**** Records for processing ****

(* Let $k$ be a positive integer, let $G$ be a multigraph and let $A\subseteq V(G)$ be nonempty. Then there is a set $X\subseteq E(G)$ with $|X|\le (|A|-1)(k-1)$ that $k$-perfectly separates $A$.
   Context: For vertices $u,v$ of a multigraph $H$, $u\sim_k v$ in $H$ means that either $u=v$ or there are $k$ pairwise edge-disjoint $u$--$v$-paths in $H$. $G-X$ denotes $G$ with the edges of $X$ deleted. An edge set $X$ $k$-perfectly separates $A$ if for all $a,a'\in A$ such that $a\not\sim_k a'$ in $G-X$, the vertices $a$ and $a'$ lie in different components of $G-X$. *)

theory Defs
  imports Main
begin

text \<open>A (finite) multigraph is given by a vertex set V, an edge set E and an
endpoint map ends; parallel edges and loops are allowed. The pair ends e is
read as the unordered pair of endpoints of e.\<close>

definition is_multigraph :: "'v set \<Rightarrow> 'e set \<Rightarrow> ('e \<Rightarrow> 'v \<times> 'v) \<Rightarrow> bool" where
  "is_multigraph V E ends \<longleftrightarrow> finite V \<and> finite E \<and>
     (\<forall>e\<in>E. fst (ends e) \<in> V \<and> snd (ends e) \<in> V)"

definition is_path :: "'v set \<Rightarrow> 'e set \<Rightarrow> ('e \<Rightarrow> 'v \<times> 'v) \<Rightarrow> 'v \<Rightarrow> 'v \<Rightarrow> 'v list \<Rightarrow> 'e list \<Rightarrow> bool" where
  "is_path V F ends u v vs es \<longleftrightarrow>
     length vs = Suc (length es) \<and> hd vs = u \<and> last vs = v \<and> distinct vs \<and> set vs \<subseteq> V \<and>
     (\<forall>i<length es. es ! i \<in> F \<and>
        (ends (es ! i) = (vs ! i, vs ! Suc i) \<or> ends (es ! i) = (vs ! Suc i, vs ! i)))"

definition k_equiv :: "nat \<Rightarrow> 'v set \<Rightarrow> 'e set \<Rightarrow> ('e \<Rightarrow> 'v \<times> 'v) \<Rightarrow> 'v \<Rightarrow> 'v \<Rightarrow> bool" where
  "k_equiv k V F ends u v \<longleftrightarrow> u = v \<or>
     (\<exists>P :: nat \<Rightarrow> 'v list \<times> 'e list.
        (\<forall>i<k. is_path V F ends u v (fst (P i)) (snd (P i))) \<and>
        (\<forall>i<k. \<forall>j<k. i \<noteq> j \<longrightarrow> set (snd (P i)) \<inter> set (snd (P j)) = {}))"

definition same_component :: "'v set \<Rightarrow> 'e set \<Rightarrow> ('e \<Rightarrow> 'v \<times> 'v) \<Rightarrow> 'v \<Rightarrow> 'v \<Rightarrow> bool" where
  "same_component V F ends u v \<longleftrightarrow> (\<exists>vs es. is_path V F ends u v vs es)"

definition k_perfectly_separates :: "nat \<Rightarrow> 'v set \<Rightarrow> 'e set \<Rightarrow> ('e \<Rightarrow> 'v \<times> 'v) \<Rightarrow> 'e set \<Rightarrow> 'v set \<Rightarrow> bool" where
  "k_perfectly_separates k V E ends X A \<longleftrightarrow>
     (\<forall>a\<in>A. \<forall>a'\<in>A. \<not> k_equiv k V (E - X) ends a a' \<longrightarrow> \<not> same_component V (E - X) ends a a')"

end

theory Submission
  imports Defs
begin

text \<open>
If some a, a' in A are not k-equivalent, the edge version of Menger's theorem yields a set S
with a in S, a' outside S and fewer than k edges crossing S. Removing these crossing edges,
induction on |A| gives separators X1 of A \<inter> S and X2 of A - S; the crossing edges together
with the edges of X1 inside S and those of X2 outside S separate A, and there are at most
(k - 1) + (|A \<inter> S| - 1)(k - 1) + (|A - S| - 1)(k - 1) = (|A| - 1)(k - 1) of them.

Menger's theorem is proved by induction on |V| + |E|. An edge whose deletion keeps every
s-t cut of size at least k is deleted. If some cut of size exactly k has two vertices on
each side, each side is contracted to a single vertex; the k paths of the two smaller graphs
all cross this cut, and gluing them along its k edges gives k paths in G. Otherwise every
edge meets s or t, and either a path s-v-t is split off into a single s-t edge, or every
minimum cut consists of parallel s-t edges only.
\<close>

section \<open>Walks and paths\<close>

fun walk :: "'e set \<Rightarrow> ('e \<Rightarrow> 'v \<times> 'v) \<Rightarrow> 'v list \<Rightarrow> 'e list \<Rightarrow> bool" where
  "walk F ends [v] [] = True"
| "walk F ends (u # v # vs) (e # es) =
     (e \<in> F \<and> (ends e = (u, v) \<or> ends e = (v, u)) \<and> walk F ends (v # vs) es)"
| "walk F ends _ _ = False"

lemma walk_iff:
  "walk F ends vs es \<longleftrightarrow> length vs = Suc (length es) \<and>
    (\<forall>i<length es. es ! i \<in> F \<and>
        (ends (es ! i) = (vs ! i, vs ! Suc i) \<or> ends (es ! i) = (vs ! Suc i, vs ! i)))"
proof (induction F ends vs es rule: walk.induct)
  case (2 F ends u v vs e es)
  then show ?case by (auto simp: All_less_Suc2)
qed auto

****
**** Records for processing ****

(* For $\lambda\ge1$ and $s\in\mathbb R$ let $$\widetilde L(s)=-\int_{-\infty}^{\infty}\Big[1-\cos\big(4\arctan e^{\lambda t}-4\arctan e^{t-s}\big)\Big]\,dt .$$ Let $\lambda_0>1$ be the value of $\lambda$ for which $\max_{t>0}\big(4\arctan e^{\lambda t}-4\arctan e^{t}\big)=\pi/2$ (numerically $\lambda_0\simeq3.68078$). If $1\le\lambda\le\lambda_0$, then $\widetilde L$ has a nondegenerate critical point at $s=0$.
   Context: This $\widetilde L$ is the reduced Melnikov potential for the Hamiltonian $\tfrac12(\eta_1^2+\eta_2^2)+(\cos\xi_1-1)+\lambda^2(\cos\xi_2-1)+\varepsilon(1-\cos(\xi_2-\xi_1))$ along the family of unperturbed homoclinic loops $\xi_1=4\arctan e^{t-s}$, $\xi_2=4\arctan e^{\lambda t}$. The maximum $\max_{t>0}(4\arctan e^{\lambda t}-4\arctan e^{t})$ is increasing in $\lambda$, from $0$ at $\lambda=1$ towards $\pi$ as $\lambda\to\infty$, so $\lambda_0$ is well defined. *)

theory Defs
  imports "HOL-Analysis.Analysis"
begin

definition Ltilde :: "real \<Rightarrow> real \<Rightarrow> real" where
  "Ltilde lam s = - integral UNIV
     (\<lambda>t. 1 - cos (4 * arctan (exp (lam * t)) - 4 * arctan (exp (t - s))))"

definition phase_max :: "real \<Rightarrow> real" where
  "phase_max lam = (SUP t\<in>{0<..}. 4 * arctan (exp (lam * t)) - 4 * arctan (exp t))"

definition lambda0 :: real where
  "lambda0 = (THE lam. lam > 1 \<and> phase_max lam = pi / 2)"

****

What you are asked to do - Out of the data above, give again only the lines starting at the one holding "v \<longleftrightarrow> (\<exists>vs" and ending at the one holding "(\<forall>a\<in>A. \<forall>a'\<in>A. \<not>", unchanged.

Exercise output -
  "same_component V F ends u v \<longleftrightarrow> (\<exists>vs es. is_path V F ends u v vs es)"

definition k_perfectly_separates :: "nat \<Rightarrow> 'v set \<Rightarrow> 'e set \<Rightarrow> ('e \<Rightarrow> 'v \<times> 'v) \<Rightarrow> 'e set \<Rightarrow> 'v set \<Rightarrow> bool" where
  "k_perfectly_separates k V E ends X A \<longleftrightarrow>
     (\<forall>a\<in>A. \<forall>a'\<in>A. \<not> k_equiv k V (E - X) ends a a' \<longrightarrow> \<not> same_component V (E - X) ends a a')"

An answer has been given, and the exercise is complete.